:: Brief ::
Every record that follows needs to be written out again, exactly.

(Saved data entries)
context
  fixes I :: "nat set" and b :: "nat \<Rightarrow> nat set \<Rightarrow> 'l"
  assumes finite_I: "finite I"
    and sandwiches: "\<forall>i\<in>I. tsandwich br (b i)"
    and commuting: "\<forall>i\<in>I. \<forall>j\<in>I. \<forall>x. tl_elem x \<longrightarrow>
      tad br (b i) (tad br (b j) x) = tad br (b j) (tad br (b i) x)"
    and U2_zero: "\<forall>x. tl_elem x \<longrightarrow> Uk 2 I (\<lambda>i. tad br (b i)) x = (\<lambda>_. 0)"
begin

lemma increasing_pair_sums_eq_0:
  assumes "tl_elem x"
  shows "(\<Sum>(i, j)\<in>increasing_pairs I. tbr br (tbr br x (b j)) (b i) \<sigma>) = 0"
    and "(\<Sum>(i, j)\<in>increasing_pairs I. tbr br (tbr br x (b i)) (b j) \<sigma>) = 0"
proof -
  have "Uk 2 I (\<lambda>i. tad br (b i)) x \<sigma> = 0"
    using U2_zero assms by simp
  then show vanish: "(\<Sum>(i, j)\<in>increasing_pairs I. tbr br (tbr br x (b j)) (b i) \<sigma>) = 0"
    by (simp add: Uk_two tad_def)
  have swap: "tbr br (tbr br x (b i)) (b j) = tbr br (tbr br x (b j)) (b i)"
    if "(i, j) \<in> increasing_pairs I" for i j
  proof -
    from that have "i \<in> I" "j \<in> I" by (simp_all add: increasing_pairs_def)
    with commuting assms show ?thesis unfolding tad_def by blast
  qed
  have "(\<Sum>(i, j)\<in>increasing_pairs I. tbr br (tbr br x (b i)) (b j) \<sigma>) =
      (\<Sum>(i, j)\<in>increasing_pairs I. tbr br (tbr br x (b j)) (b i) \<sigma>)"
    by (intro sum.cong refl) (clarify, rule fun_cong, rule swap)
  with vanish show "(\<Sum>(i, j)\<in>increasing_pairs I. tbr br (tbr br x (b i)) (b j) \<sigma>) = 0"
    by simp
qed

lemma ad_sum_squared_eq_0:
  assumes "tl_elem x"
  shows "tbr br (tbr br x (\<lambda>\<pi>. \<Sum>i\<in>I. b i \<pi>)) (\<lambda>\<pi>. \<Sum>i\<in>I. b i \<pi>) \<sigma> = 0"
proof -
  let ?g = "\<lambda>j i. tbr br (tbr br x (b i)) (b j) \<sigma>"
  have "tbr br (tbr br x (\<lambda>\<pi>. \<Sum>i\<in>I. b i \<pi>)) (\<lambda>\<pi>. \<Sum>i\<in>I. b i \<pi>) \<sigma> =
      (\<Sum>j\<in>I. \<Sum>i\<in>I. ?g j i)"
    by (simp add: tbr_sum_right tbr_sum_left)
  also have "\<dots> = (\<Sum>i\<in>I. ?g i i) + (\<Sum>(i, j)\<in>increasing_pairs I. ?g i j + ?g j i)"
    by (rule sum_square_diagonal_pairs [OF finite_I])
  also have "(\<Sum>i\<in>I. ?g i i) = 0"
    using sandwiches assms by (simp add: tsandwich_def tad_def)
  also have "(\<Sum>(i, j)\<in>increasing_pairs I. ?g i j + ?g j i) = 0"
    using increasing_pair_sums_eq_0 [OF assms] by (simp add: sum.distrib case_prod_unfold)
  finally show ?thesis by simp
qed

lemma ad_sum_ad_ad_sum_eq_0:
  assumes "tl_elem x" "tl_elem c"
  shows "tbr br (tbr br (tbr br x (\<lambda>\<pi>. \<Sum>i\<in>I. b i \<pi>)) c) (\<lambda>\<pi>. \<Sum>i\<in>I. b i \<pi>) \<sigma> = 0"
proof -
  let ?h = "\<lambda>j i. tbr br (tbr br (tbr br x (b i)) c) (b j) \<sigma>"
  let ?P = "increasing_pairs I"
  have "tbr br (tbr br (tbr br x (\<lambda>\<pi>. \<Sum>i\<in>I. b i \<pi>)) c) (\<lambda>\<pi>. \<Sum>i\<in>I. b i \<pi>) \<sigma> =
      (\<Sum>j\<in>I. \<Sum>i\<in>I. ?h j i)"
    by (simp add: tbr_sum_right tbr_sum_left)
  also have "\<dots> = (\<Sum>i\<in>I. ?h i i) + (\<Sum>(i, j)\<in>?P. ?h i j + ?h j i)"
    by (rule sum_square_diagonal_pairs [OF finite_I])
  also have "(\<Sum>i\<in>I. ?h i i) = 0"
    using sandwiches assms by (simp add: tsandwich_def tad_def)
  also have "(\<Sum>(i, j)\<in>?P. ?h i j + ?h j i) =
      (\<Sum>(i, j)\<in>?P. tbr br (tbr br (tbr br x c) (b i)) (b j) \<sigma>)
      + (\<Sum>(i, j)\<in>?P. tbr br (tbr br (tbr br x (b j)) (b i)) c \<sigma>)
      - (\<Sum>(i, j)\<in>?P. tbr br x (tbr br (tbr br c (b i)) (b j)) \<sigma>)"
  proof -
    have "?h i j + ?h j i = tbr br (tbr br (tbr br x c) (b i)) (b j) \<sigma>
        + tbr br (tbr br (tbr br x (b j)) (b i)) c \<sigma>
        - tbr br x (tbr br (tbr br c (b i)) (b j)) \<sigma>" for i j
      using tbr_double_jacobi [of x c "b i" "b j" \<sigma>] by (simp add: algebra_simps)
    then show ?thesis by (simp add: sum.distrib sum_subtractf case_prod_unfold)
  qed
  also have "\<dots> = (\<Sum>(i, j)\<in>?P. tbr br (tbr br (tbr br x c) (b i)) (b j) \<sigma>)
      + tbr br (\<lambda>\<tau>. \<Sum>(i, j)\<in>?P. tbr br (tbr br x (b j)) (b i) \<tau>) c \<sigma>
      - tbr br x (\<lambda>\<tau>. \<Sum>(i, j)\<in>?P. tbr br (tbr br c (b i)) (b j) \<tau>) \<sigma>"
    by (simp only: case_prod_unfold tbr_sum_left tbr_sum_right)
  also have "\<dots> = 0"
    using increasing_pair_sums_eq_0 tl_elem_tbr assms by simp
  finally show ?thesis by simp
qed

lemma tsandwich_sum: "tsandwich br (\<lambda>\<pi>. \<Sum>i\<in>I. b i \<pi>)"
  unfolding tsandwich_def tad_def using ad_sum_squared_eq_0 ad_sum_ad_ad_sum_eq_0 by blast

end

end

theorem lemma12:
  fixes sc :: "'k::field \<Rightarrow> 'l::ab_group_add \<Rightarrow> 'l"
    and br :: "'l \<Rightarrow> 'l \<Rightarrow> 'l"
    and I :: "nat set" and b :: "nat \<Rightarrow> nat set \<Rightarrow> 'l"
  assumes "lie_algebra sc br"
    and "finite I"
    and "\<forall>i\<in>I. tl_elem (b i)"
    and U1: "\<forall>i\<in>I. \<exists>n. ad_in_Dtilde br (b i) n"
    and U2: "\<forall>i\<in>I. \<forall>j\<in>I. \<forall>x. tl_elem x \<longrightarrow>
               tad br (b i) (tad br (b j) x) = tad br (b j) (tad br (b i) x)"
    and "\<forall>x. tl_elem x \<longrightarrow> Uk 2 I (\<lambda>i. tad br (b i)) x = (\<lambda>_. 0)"
  shows "tsandwich br (\<lambda>\<pi>. \<Sum>i\<in>I. b i \<pi>)"
proof -
  have "lie_ring br"
    using assms(1) by (simp add: lie_algebra_def lie_ring_def)
  then interpret lie_ring br .
  have "\<forall>i\<in>I. tsandwich br (b i)"
    using U1 ad_in_Dtilde_imp_tsandwich by blast
  then show ?thesis
    using tsandwich_sum assms(2) U2 assms(6) by blast
qed

end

:: Result ::
context
  fixes I :: "nat set" and b :: "nat \<Rightarrow> nat set \<Rightarrow> 'l"
  assumes finite_I: "finite I"
    and sandwiches: "\<forall>i\<in>I. tsandwich br (b i)"
    and commuting: "\<forall>i\<in>I. \<forall>j\<in>I. \<forall>x. tl_elem x \<longrightarrow>
      tad br (b i) (tad br (b j) x) = tad br (b j) (tad br (b i) x)"
    and U2_zero: "\<forall>x. tl_elem x \<longrightarrow> Uk 2 I (\<lambda>i. tad br (b i)) x = (\<lambda>_. 0)"
begin

lemma increasing_pair_sums_eq_0:
  assumes "tl_elem x"
  shows "(\<Sum>(i, j)\<in>increasing_pairs I. tbr br (tbr br x (b j)) (b i) \<sigma>) = 0"
    and "(\<Sum>(i, j)\<in>increasing_pairs I. tbr br (tbr br x (b i)) (b j) \<sigma>) = 0"
proof -
  have "Uk 2 I (\<lambda>i. tad br (b i)) x \<sigma> = 0"
    using U2_zero assms by simp
  then show vanish: "(\<Sum>(i, j)\<in>increasing_pairs I. tbr br (tbr br x (b j)) (b i) \<sigma>) = 0"
    by (simp add: Uk_two tad_def)
  have swap: "tbr br (tbr br x (b i)) (b j) = tbr br (tbr br x (b j)) (b i)"
    if "(i, j) \<in> increasing_pairs I" for i j
  proof -
    from that have "i \<in> I" "j \<in> I" by (simp_all add: increasing_pairs_def)
    with commuting assms show ?thesis unfolding tad_def by blast
  qed
  have "(\<Sum>(i, j)\<in>increasing_pairs I. tbr br (tbr br x (b i)) (b j) \<sigma>) =
      (\<Sum>(i, j)\<in>increasing_pairs I. tbr br (tbr br x (b j)) (b i) \<sigma>)"
    by (intro sum.cong refl) (clarify, rule fun_cong, rule swap)
  with vanish show "(\<Sum>(i, j)\<in>increasing_pairs I. tbr br (tbr br x (b i)) (b j) \<sigma>) = 0"
    by simp
qed

lemma ad_sum_squared_eq_0:
  assumes "tl_elem x"
  shows "tbr br (tbr br x (\<lambda>\<pi>. \<Sum>i\<in>I. b i \<pi>)) (\<lambda>\<pi>. \<Sum>i\<in>I. b i \<pi>) \<sigma> = 0"
proof -
  let ?g = "\<lambda>j i. tbr br (tbr br x (b i)) (b j) \<sigma>"
  have "tbr br (tbr br x (\<lambda>\<pi>. \<Sum>i\<in>I. b i \<pi>)) (\<lambda>\<pi>. \<Sum>i\<in>I. b i \<pi>) \<sigma> =
      (\<Sum>j\<in>I. \<Sum>i\<in>I. ?g j i)"
    by (simp add: tbr_sum_right tbr_sum_left)
  also have "\<dots> = (\<Sum>i\<in>I. ?g i i) + (\<Sum>(i, j)\<in>increasing_pairs I. ?g i j + ?g j i)"
    by (rule sum_square_diagonal_pairs [OF finite_I])
  also have "(\<Sum>i\<in>I. ?g i i) = 0"
    using sandwiches assms by (simp add: tsandwich_def tad_def)
  also have "(\<Sum>(i, j)\<in>increasing_pairs I. ?g i j + ?g j i) = 0"
    using increasing_pair_sums_eq_0 [OF assms] by (simp add: sum.distrib case_prod_unfold)
  finally show ?thesis by simp
qed

lemma ad_sum_ad_ad_sum_eq_0:
  assumes "tl_elem x" "tl_elem c"
  shows "tbr br (tbr br (tbr br x (\<lambda>\<pi>. \<Sum>i\<in>I. b i \<pi>)) c) (\<lambda>\<pi>. \<Sum>i\<in>I. b i \<pi>) \<sigma> = 0"
proof -
  let ?h = "\<lambda>j i. tbr br (tbr br (tbr br x (b i)) c) (b j) \<sigma>"
  let ?P = "increasing_pairs I"
  have "tbr br (tbr br (tbr br x (\<lambda>\<pi>. \<Sum>i\<in>I. b i \<pi>)) c) (\<lambda>\<pi>. \<Sum>i\<in>I. b i \<pi>) \<sigma> =
      (\<Sum>j\<in>I. \<Sum>i\<in>I. ?h j i)"
    by (simp add: tbr_sum_right tbr_sum_left)
  also have "\<dots> = (\<Sum>i\<in>I. ?h i i) + (\<Sum>(i, j)\<in>?P. ?h i j + ?h j i)"
    by (rule sum_square_diagonal_pairs [OF finite_I])
  also have "(\<Sum>i\<in>I. ?h i i) = 0"
    using sandwiches assms by (simp add: tsandwich_def tad_def)
  also have "(\<Sum>(i, j)\<in>?P. ?h i j + ?h j i) =
      (\<Sum>(i, j)\<in>?P. tbr br (tbr br (tbr br x c) (b i)) (b j) \<sigma>)
      + (\<Sum>(i, j)\<in>?P. tbr br (tbr br (tbr br x (b j)) (b i)) c \<sigma>)
      - (\<Sum>(i, j)\<in>?P. tbr br x (tbr br (tbr br c (b i)) (b j)) \<sigma>)"
  proof -
    have "?h i j + ?h j i = tbr br (tbr br (tbr br x c) (b i)) (b j) \<sigma>
        + tbr br (tbr br (tbr br x (b j)) (b i)) c \<sigma>
        - tbr br x (tbr br (tbr br c (b i)) (b j)) \<sigma>" for i j
      using tbr_double_jacobi [of x c "b i" "b j" \<sigma>] by (simp add: algebra_simps)
    then show ?thesis by (simp add: sum.distrib sum_subtractf case_prod_unfold)
  qed
  also have "\<dots> = (\<Sum>(i, j)\<in>?P. tbr br (tbr br (tbr br x c) (b i)) (b j) \<sigma>)
      + tbr br (\<lambda>\<tau>. \<Sum>(i, j)\<in>?P. tbr br (tbr br x (b j)) (b i) \<tau>) c \<sigma>
      - tbr br x (\<lambda>\<tau>. \<Sum>(i, j)\<in>?P. tbr br (tbr br c (b i)) (b j) \<tau>) \<sigma>"
    by (simp only: case_prod_unfold tbr_sum_left tbr_sum_right)
  also have "\<dots> = 0"
    using increasing_pair_sums_eq_0 tl_elem_tbr assms by simp
  finally show ?thesis by simp
qed

lemma tsandwich_sum: "tsandwich br (\<lambda>\<pi>. \<Sum>i\<in>I. b i \<pi>)"
  unfolding tsandwich_def tad_def using ad_sum_squared_eq_0 ad_sum_ad_ad_sum_eq_0 by blast

end

end

theorem lemma12:
  fixes sc :: "'k::field \<Rightarrow> 'l::ab_group_add \<Rightarrow> 'l"
    and br :: "'l \<Rightarrow> 'l \<Rightarrow> 'l"
    and I :: "nat set" and b :: "nat \<Rightarrow> nat set \<Rightarrow> 'l"
  assumes "lie_algebra sc br"
    and "finite I"
    and "\<forall>i\<in>I. tl_elem (b i)"
    and U1: "\<forall>i\<in>I. \<exists>n. ad_in_Dtilde br (b i) n"
    and U2: "\<forall>i\<in>I. \<forall>j\<in>I. \<forall>x. tl_elem x \<longrightarrow>
               tad br (b i) (tad br (b j) x) = tad br (b j) (tad br (b i) x)"
    and "\<forall>x. tl_elem x \<longrightarrow> Uk 2 I (\<lambda>i. tad br (b i)) x = (\<lambda>_. 0)"
  shows "tsandwich br (\<lambda>\<pi>. \<Sum>i\<in>I. b i \<pi>)"
proof -
  have "lie_ring br"
    using assms(1) by (simp add: lie_algebra_def lie_ring_def)
  then interpret lie_ring br .
  have "\<forall>i\<in>I. tsandwich br (b i)"
    using U1 ad_in_Dtilde_imp_tsandwich by blast
  then show ?thesis
    using tsandwich_sum assms(2) U2 assms(6) by blast
qed

end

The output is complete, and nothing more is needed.